◆ **Work to complete**
All of the data below is to be copied again without changes.

*** Dataset extract ***

(* Let $K$ be a positive integer dividing $T$ and let $\epsilon,\delta,\alpha>0$. Consider the sequence $\{\widetilde{\mathbf y}_{m}\}$ produced by Algorithm DPP (described in the context) with these parameters. Fix an interval $[s,e]$, $1\le s<e\le T$, and suppose $\widehat{\mathcal K}_{s,e}:=\{\mathbf x\in\mathcal K:\ g_t(\mathbf x)\le0\ \forall t\in[s,e]\}\neq\emptyset$. Then $$\sum_{t=s}^{e}f_t(\widetilde{\mathbf y}_{m(t)})-\min_{\mathbf x\in\widehat{\mathcal K}_{s,e}}\sum_{t=s}^{e}f_t(\mathbf x)\le 2KR(2G_f+R\alpha)+\frac{G_f^2}{2\alpha}T,$$ and for every $c>0$, $$\sum_{t=s}^{e}g_t^+(\widetilde{\mathbf y}_{m(t)})\le\frac{G_g^2}{2c}T+2cR\Big(\frac{G_fT}{\alpha}+RK\Big)+\frac{2\alpha R^2}{\delta}+\Big(\frac{G_f}{\alpha}+4R\Big)\frac{G_fT}{2\delta K}+4KRG_g.$$
   Context: Let $\mathcal K\subset\mathbb R^n$ be convex and compact with $\mathbf 0\in\mathcal K\subseteq R\mathcal B$, where $\mathcal B$ is the closed origin-centered unit Euclidean ball and $R>0$. There are $T$ rounds with an arbitrary sequence of functions $f_1,\dots,f_T,g_1,\dots,g_T:\mathbb R^n\to\mathbb R$, each convex on $R\mathcal B$, such that every subgradient of every $f_t$ (resp. $g_t$) at points of $R\mathcal B$ has Euclidean norm at most $G_f$ (resp. $G_g$). Write $g_t^+(\mathbf x)=\max\{g_t(\mathbf x),0\}$. At the end of round $t$ the functions $f_t,g_t$ are revealed to the algorithm. For a block size $K$ (a positive integer dividing $T$) let $m(t)=\lceil t/K\rceil$ and $\mathcal T_m=\{(m-1)K+1,\dots,mK\}$ for $m\in[T/K]$. Linear optimization oracle (LOO) of a convex compact set $S$: given $\mathbf c\in\mathbb R^n$, returns some point of $\arg\min_{\mathbf x\in S}\mathbf c^\top\mathbf x$. Procedure FW$(\mathbf x_1,\mathbf y,\epsilon;S)$ with $\mathbf x_1\in S$: for $i=1,2,\dots$: call the LOO of $S$ to get $\mathbf v_i\in\arg\min_{\mathbf x\in S}(\mathbf x_i-\mathbf y)^\top\mathbf x$; if $(\mathbf x_i-\mathbf y)^\top(\mathbf x_i-\mathbf v_i)\le\epsilon$ or $\|\mathbf x_i-\mathbf y\|^2\le 3\epsilon$, return $\mathbf x_i$; otherwise let $\sigma_i\in\arg\min_{\sigma\in[0,1]}\|\mathbf y-\mathbf x_i-\sigma(\mathbf v_i-\mathbf x_i)\|^2$ and $\mathbf x_{i+1}=\mathbf x_i+\sigma_i(\mathbf v_i-\mathbf x_i)$. Procedure $\mathcal O_{AFP}(\mathbf y_1,\mathbf x_0,\epsilon,S)$ with $\mathbf x_0\in S$: if $\|\mathbf x_0-\mathbf y_1\|^2\le3\epsilon$ return $(\mathbf x_0,\mathbf y_1)$. Otherwise for $i=1,2,\dots$: $\mathbf x_i=$FW$(\mathbf x_{i-1},\mathbf y_i,\epsilon;S)$; if $\|\mathbf x_i-\mathbf y_i\|^2>3\epsilon$ set $\mathbf y_{i+1}=\mathbf y_i-\frac23(\mathbf y_i-\mathbf x_i)$, else return $(\mathbf x_i,\mathbf y_i)$. Algorithm DPP (parameters $T,K,\epsilon,\delta,\alpha>0$): set $\mathbf x_1=\widetilde{\mathbf y}_1$ to an arbitrary point of $\mathcal K$. For $m=1,\dots,T/K$: for each $t\in\mathcal T_m$, play $\mathbf x_m$, observe $f_t,g_t$, and pick $\nabla_t\in\partial f_t(\widetilde{\mathbf y}_m)$. Then set $\bar\nabla_m=\frac1K\sum_{t\in\mathcal T_m}\nabla_t$, $G_m^+(\mathbf x)=\delta\sum_{t\in\mathcal T_m}g_t^+(\mathbf x)$, $\mathbf y_{m+1}=\arg\min_{\mathbf x\in R\mathcal B}\{h_m(\mathbf x):=\bar\nabla_m^\top(\mathbf x-\widetilde{\mathbf y}_m)+G_m^+(\mathbf x)+\frac\alpha2\|\mathbf x-\widetilde{\mathbf y}_m\|^2\}$, and $(\mathbf x_{m+1},\widetilde{\mathbf y}_{m+1})=\mathcal O_{AFP}(\mathbf y_{m+1},\mathbf x_m,\epsilon,\mathcal K)$. On round $t$ the played point is $\mathbf x_{m(t)}$. *)

theory Defs
  imports "HOL-Analysis.Analysis"
begin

*** End of Dataset extract ***

◆ **Written response**
(* Let $K$ be a positive integer dividing $T$ and let $\epsilon,\delta,\alpha>0$. Consider the sequence $\{\widetilde{\mathbf y}_{m}\}$ produced by Algorithm DPP (described in the context) with these parameters. Fix an interval $[s,e]$, $1\le s<e\le T$, and suppose $\widehat{\mathcal K}_{s,e}:=\{\mathbf x\in\mathcal K:\ g_t(\mathbf x)\le0\ \forall t\in[s,e]\}\neq\emptyset$. Then $$\sum_{t=s}^{e}f_t(\widetilde{\mathbf y}_{m(t)})-\min_{\mathbf x\in\widehat{\mathcal K}_{s,e}}\sum_{t=s}^{e}f_t(\mathbf x)\le 2KR(2G_f+R\alpha)+\frac{G_f^2}{2\alpha}T,$$ and for every $c>0$, $$\sum_{t=s}^{e}g_t^+(\widetilde{\mathbf y}_{m(t)})\le\frac{G_g^2}{2c}T+2cR\Big(\frac{G_fT}{\alpha}+RK\Big)+\frac{2\alpha R^2}{\delta}+\Big(\frac{G_f}{\alpha}+4R\Big)\frac{G_fT}{2\delta K}+4KRG_g.$$
   Context: Let $\mathcal K\subset\mathbb R^n$ be convex and compact with $\mathbf 0\in\mathcal K\subseteq R\mathcal B$, where $\mathcal B$ is the closed origin-centered unit Euclidean ball and $R>0$. There are $T$ rounds with an arbitrary sequence of functions $f_1,\dots,f_T,g_1,\dots,g_T:\mathbb R^n\to\mathbb R$, each convex on $R\mathcal B$, such that every subgradient of every $f_t$ (resp. $g_t$) at points of $R\mathcal B$ has Euclidean norm at most $G_f$ (resp. $G_g$). Write $g_t^+(\mathbf x)=\max\{g_t(\mathbf x),0\}$. At the end of round $t$ the functions $f_t,g_t$ are revealed to the algorithm. For a block size $K$ (a positive integer dividing $T$) let $m(t)=\lceil t/K\rceil$ and $\mathcal T_m=\{(m-1)K+1,\dots,mK\}$ for $m\in[T/K]$. Linear optimization oracle (LOO) of a convex compact set $S$: given $\mathbf c\in\mathbb R^n$, returns some point of $\arg\min_{\mathbf x\in S}\mathbf c^\top\mathbf x$. Procedure FW$(\mathbf x_1,\mathbf y,\epsilon;S)$ with $\mathbf x_1\in S$: for $i=1,2,\dots$: call the LOO of $S$ to get $\mathbf v_i\in\arg\min_{\mathbf x\in S}(\mathbf x_i-\mathbf y)^\top\mathbf x$; if $(\mathbf x_i-\mathbf y)^\top(\mathbf x_i-\mathbf v_i)\le\epsilon$ or $\|\mathbf x_i-\mathbf y\|^2\le 3\epsilon$, return $\mathbf x_i$; otherwise let $\sigma_i\in\arg\min_{\sigma\in[0,1]}\|\mathbf y-\mathbf x_i-\sigma(\mathbf v_i-\mathbf x_i)\|^2$ and $\mathbf x_{i+1}=\mathbf x_i+\sigma_i(\mathbf v_i-\mathbf x_i)$. Procedure $\mathcal O_{AFP}(\mathbf y_1,\mathbf x_0,\epsilon,S)$ with $\mathbf x_0\in S$: if $\|\mathbf x_0-\mathbf y_1\|^2\le3\epsilon$ return $(\mathbf x_0,\mathbf y_1)$. Otherwise for $i=1,2,\dots$: $\mathbf x_i=$FW$(\mathbf x_{i-1},\mathbf y_i,\epsilon;S)$; if $\|\mathbf x_i-\mathbf y_i\|^2>3\epsilon$ set $\mathbf y_{i+1}=\mathbf y_i-\frac23(\mathbf y_i-\mathbf x_i)$, else return $(\mathbf x_i,\mathbf y_i)$. Algorithm DPP (parameters $T,K,\epsilon,\delta,\alpha>0$): set $\mathbf x_1=\widetilde{\mathbf y}_1$ to an arbitrary point of $\mathcal K$. For $m=1,\dots,T/K$: for each $t\in\mathcal T_m$, play $\mathbf x_m$, observe $f_t,g_t$, and pick $\nabla_t\in\partial f_t(\widetilde{\mathbf y}_m)$. Then set $\bar\nabla_m=\frac1K\sum_{t\in\mathcal T_m}\nabla_t$, $G_m^+(\mathbf x)=\delta\sum_{t\in\mathcal T_m}g_t^+(\mathbf x)$, $\mathbf y_{m+1}=\arg\min_{\mathbf x\in R\mathcal B}\{h_m(\mathbf x):=\bar\nabla_m^\top(\mathbf x-\widetilde{\mathbf y}_m)+G_m^+(\mathbf x)+\frac\alpha2\|\mathbf x-\widetilde{\mathbf y}_m\|^2\}$, and $(\mathbf x_{m+1},\widetilde{\mathbf y}_{m+1})=\mathcal O_{AFP}(\mathbf y_{m+1},\mathbf x_m,\epsilon,\mathcal K)$. On round $t$ the played point is $\mathbf x_{m(t)}$. *)

theory Defs
  imports "HOL-Analysis.Analysis"
begin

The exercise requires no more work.